Giovanni Davi, M.D., from the University of Chieti in Italy, and colleagues investigated whether insulin resistance contributes to increased platelet activation independent of underlying inflammation in 40 obese women and 20 non-obese healthy women.

The researchers found that the waist-to-hip ratio and insulin sensitivity index predicted the 11-dehydro-thromboxane B2 excretion rate (a marker of platelet activation) independently of CD40 ligand, lipid patterns, adiponectin and C-reactive protein.

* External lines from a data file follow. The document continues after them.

lemma prod_reversed_edges:
  assumes graph: "nvalent_graph V E i t rv n" and axial: "axial_function E i rv \<alpha>"
    and e: "e \<in> edges_between E i t p q"
  shows "(\<Prod>x\<in>edges_between E i t q p - {rv e}. lin (\<alpha> x)) =
    (- 1) ^ card {e'\<in>edges_between E i t p q. e' \<noteq> e \<and> \<alpha> (rv e') = - \<alpha> e'}
    * (\<Prod>x\<in>edges_between E i t p q - {e}. lin (\<alpha> x))"
proof -
  let ?Epq = "edges_between E i t p q"
  have "?Epq \<subseteq> E" unfolding edges_between_def by auto
  have "finite E" using graph unfolding nvalent_graph_def by blast
  then have "finite (?Epq - {e})"
    by (rule finite_subset[rotated]) (use \<open>?Epq \<subseteq> E\<close> in blast)
  have inj: "inj_on rv (?Epq - {e})"
    by (rule inj_on_subset[OF inj_on_reverse[OF graph]]) (use \<open>?Epq \<subseteq> E\<close> in blast)
  have "rv ` (?Epq - {e}) = rv ` ?Epq - rv ` {e}"
    by (rule inj_on_image_set_diff[OF inj_on_reverse[OF graph]]) (use \<open>?Epq \<subseteq> E\<close> e in auto)
  then have "edges_between E i t q p - {rv e} = rv ` (?Epq - {e})"
    by (simp only: edges_between_reverse[OF graph, of q p] image_insert image_empty)
  then have "(\<Prod>x\<in>edges_between E i t q p - {rv e}. lin (\<alpha> x)) = (\<Prod>x\<in>?Epq - {e}. lin (\<alpha> (rv x)))"
    using prod.reindex[OF inj] by simp
  also have "\<dots> = (\<Prod>x\<in>?Epq - {e}. (if \<alpha> (rv x) = - \<alpha> x then - 1 else 1) * lin (\<alpha> x))"
  proof (rule prod.cong[OF refl])
    fix x assume "x \<in> ?Epq - {e}"
    with \<open>?Epq \<subseteq> E\<close> have "x \<in> E" by blast
    then show "lin (\<alpha> (rv x)) = (if \<alpha> (rv x) = - \<alpha> x then - 1 else 1) * lin (\<alpha> x)"
      by (rule axial_function_lin_reverse[OF axial])
  qed
  also have "\<dots> = (- 1) ^ card {x\<in>?Epq - {e}. \<alpha> (rv x) = - \<alpha> x} * (\<Prod>x\<in>?Epq - {e}. lin (\<alpha> x))"
    by (rule prod_sign_mult) fact
  also have "{x\<in>?Epq - {e}. \<alpha> (rv x) = - \<alpha> x} = {e'\<in>?Epq. e' \<noteq> e \<and> \<alpha> (rv e') = - \<alpha> e'}"
    by blast
  finally show ?thesis .
qed

lemma edge_weight_dvd_signed_diff:
  assumes gkm: "abstract_gkm_graph V E i t rv n \<alpha>" and e: "e \<in> edges_between E i t p q"
  shows "lin (\<alpha> e) dvd
    (- 1) ^ card {e'\<in>edges_between E i t p q. e' \<noteq> e \<and> \<alpha> (rv e') = - \<alpha> e'}
      * (\<Prod>x\<in>out_edges E i q - edges_between E i t q p. lin (\<alpha> x))
    - (\<Prod>x\<in>out_edges E i p - edges_between E i t p q. lin (\<alpha> x))"
    (is "_ dvd ?sign * ?Q - ?P")
proof -
  let ?Epq = "edges_between E i t p q" and ?Eqp = "edges_between E i t q p"
  obtain P where transport: "parallel_transport E i t rv \<alpha> P"
    and graph: "nvalent_graph V E i t rv n" and axial: "axial_function E i rv \<alpha>"
    using gkm unfolding abstract_gkm_graph_def by blast
  have "finite E" using graph unfolding nvalent_graph_def by blast
  have "e \<in> E" "i e = p" "t e = q" using e unfolding edges_between_def by auto
  have "rv e \<in> ?Eqp"
    using edges_between_reverse[OF graph, of q p] e by blast
  have finite_out: "finite (out_edges E i v)" for v
    using \<open>finite E\<close> unfolding out_edges_def by simp
  have Epq_out: "?Epq \<subseteq> out_edges E i p" and Eqp_out: "?Eqp \<subseteq> out_edges E i q"
    unfolding edges_between_def out_edges_def by auto
  define R where "R = (\<Prod>x\<in>?Epq - {e}. lin (\<alpha> x))"
  have "(\<Prod>x\<in>out_edges E i p - {e}. lin (\<alpha> x)) = ?P * R"
    unfolding R_def using finite_out Epq_out e by (rule prod_remove_split)
  moreover have "(\<Prod>x\<in>out_edges E i q - {rv e}. lin (\<alpha> x)) = ?Q * (?sign * R)"
    unfolding R_def prod_reversed_edges[OF graph axial e, symmetric]
    using finite_out Eqp_out \<open>rv e \<in> ?Eqp\<close> by (rule prod_remove_split)
  ultimately have "lin (\<alpha> e) dvd R * (?sign * ?Q - ?P)"
    using transport_prod_congruence[OF transport \<open>finite E\<close> \<open>e \<in> E\<close>] \<open>i e = p\<close> \<open>t e = q\<close>
    by (simp add: algebra_simps)
  then show ?thesis
    unfolding R_def
  proof (rule lin_dvd_prod_mult_cancel[rotated 3])
    show "finite (?Epq - {e})" using finite_subset[OF Epq_out finite_out] by simp
    show "Gcd (range (\<alpha> e)) = 1" by (rule axial_function_primitive[OF axial \<open>e \<in> E\<close>])
    show "\<forall>s\<in>?Epq - {e}. lin_indep (\<alpha> e) (\<alpha> s)"
    proof
      fix s assume "s \<in> ?Epq - {e}"
      then have "s \<in> E" "s \<noteq> e" "i s = i e" using \<open>i e = p\<close> unfolding edges_between_def by auto
      then show "lin_indep (\<alpha> e) (\<alpha> s)"
        using axial_function_lin_indep[OF axial \<open>e \<in> E\<close>] by auto
    qed
  qed
qed

lemma prod_edge_weights_dvd:
  assumes axial: "axial_function E i rv \<alpha>" and "finite E" and A: "A \<subseteq> out_edges E i p"
    and "\<forall>e\<in>A. lin (\<alpha> e) dvd Y"
  shows "(\<Prod>e\<in>A. lin (\<alpha> e)) dvd Y"
proof (rule prod_lin_dvd)
  have "A \<subseteq> E" using A unfolding out_edges_def by auto
  then show "finite A" using \<open>finite E\<close> by (rule finite_subset)
  show "\<forall>e\<in>A. Gcd (range (\<alpha> e)) = 1"
    using axial_function_primitive[OF axial] \<open>A \<subseteq> E\<close> by blast
  show "\<forall>e\<in>A. \<forall>e'\<in>A. e \<noteq> e' \<longrightarrow> lin_indep (\<alpha> e) (\<alpha> e')"
    using axial_function_lin_indep[OF axial] A unfolding out_edges_def by auto
qed fact

theorem corollary4p2:
  fixes V :: "'v set" and E :: "'e set" and i t :: "'e \<Rightarrow> 'v" and rv :: "'e \<Rightarrow> 'e"
    and n :: nat and \<alpha> :: "'e \<Rightarrow> ('x::finite \<Rightarrow> int)" and p q :: 'v
  assumes "abstract_gkm_graph V E i t rv n \<alpha>"
    and "p \<in> V" and "q \<in> V" and "p \<noteq> q"
  defines "PP \<equiv> (\<Prod>e\<in>out_edges E i p - edges_between E i t p q. lin (\<alpha> e))"
    and "QQ \<equiv> (\<Prod>e\<in>out_edges E i q - edges_between E i t q p. lin (\<alpha> e))"
    and "c \<equiv> (\<lambda>e. card {e'\<in>edges_between E i t p q. e' \<noteq> e \<and> \<alpha> (rv e') = - \<alpha> e'})"
  shows "(\<Prod>e\<in>{e\<in>edges_between E i t p q. even (c e)}. lin (\<alpha> e)) dvd (PP - QQ)
       \<and> (\<Prod>e\<in>{e\<in>edges_between E i t p q. odd (c e)}. lin (\<alpha> e)) dvd (PP + QQ)"
proof -
  have axial: "axial_function E i rv \<alpha>" and "finite E"
    using assms(1) unfolding abstract_gkm_graph_def nvalent_graph_def by blast+
  have Epq_out: "{e\<in>edges_between E i t p q. S e} \<subseteq> out_edges E i p" for S
    unfolding edges_between_def out_edges_def by auto
  have edge_dvd: "lin (\<alpha> e) dvd (- 1) ^ c e * QQ - PP" if "e \<in> edges_between E i t p q" for e
    using edge_weight_dvd_signed_diff[OF assms(1) that] unfolding PP_def QQ_def c_def by simp
  have "lin (\<alpha> e) dvd PP - QQ" if "e \<in> edges_between E i t p q" "even (c e)" for e
  proof -
    have "(- 1) ^ c e * QQ - PP = - (PP - QQ)" using that(2) by simp
    then show ?thesis using edge_dvd[OF that(1)] by (metis dvd_minus_iff)
  qed
  moreover have "lin (\<alpha> e) dvd PP + QQ" if "e \<in> edges_between E i t p q" "odd (c e)" for e
  proof -
    have "(- 1) ^ c e * QQ - PP = - (PP + QQ)" using that(2) by simp
    then show ?thesis using edge_dvd[OF that(1)] by (metis dvd_minus_iff)
  qed
  ultimately show ?thesis
    using prod_edge_weights_dvd[OF axial \<open>finite E\<close> Epq_out[of "\<lambda>e. even (c e)"], of "PP - QQ"]
      prod_edge_weights_dvd[OF axial \<open>finite E\<close> Epq_out[of "\<lambda>e. odd (c e)"], of "PP + QQ"]
    by blast
qed

end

After a 12-week weight-loss program, the five subjects who succeeded in losing weight had a 92 percent improvement in the insulin sensitivity index, and decreases of 27 percent, 37 percent and 53 percent in CD40 ligand, C-reactive protein and urinary 11-dehydro-thromboxane B2, respectively. Treatment with pioglitazone to improve insulin sensitivity also led to a 43 percent decrease in urinary 11-dehydro-thromboxane B2 while maintaining body weight.

"Insulin resistance is a major determinant of platelet activation in female obesity," Davi and colleagues conclude.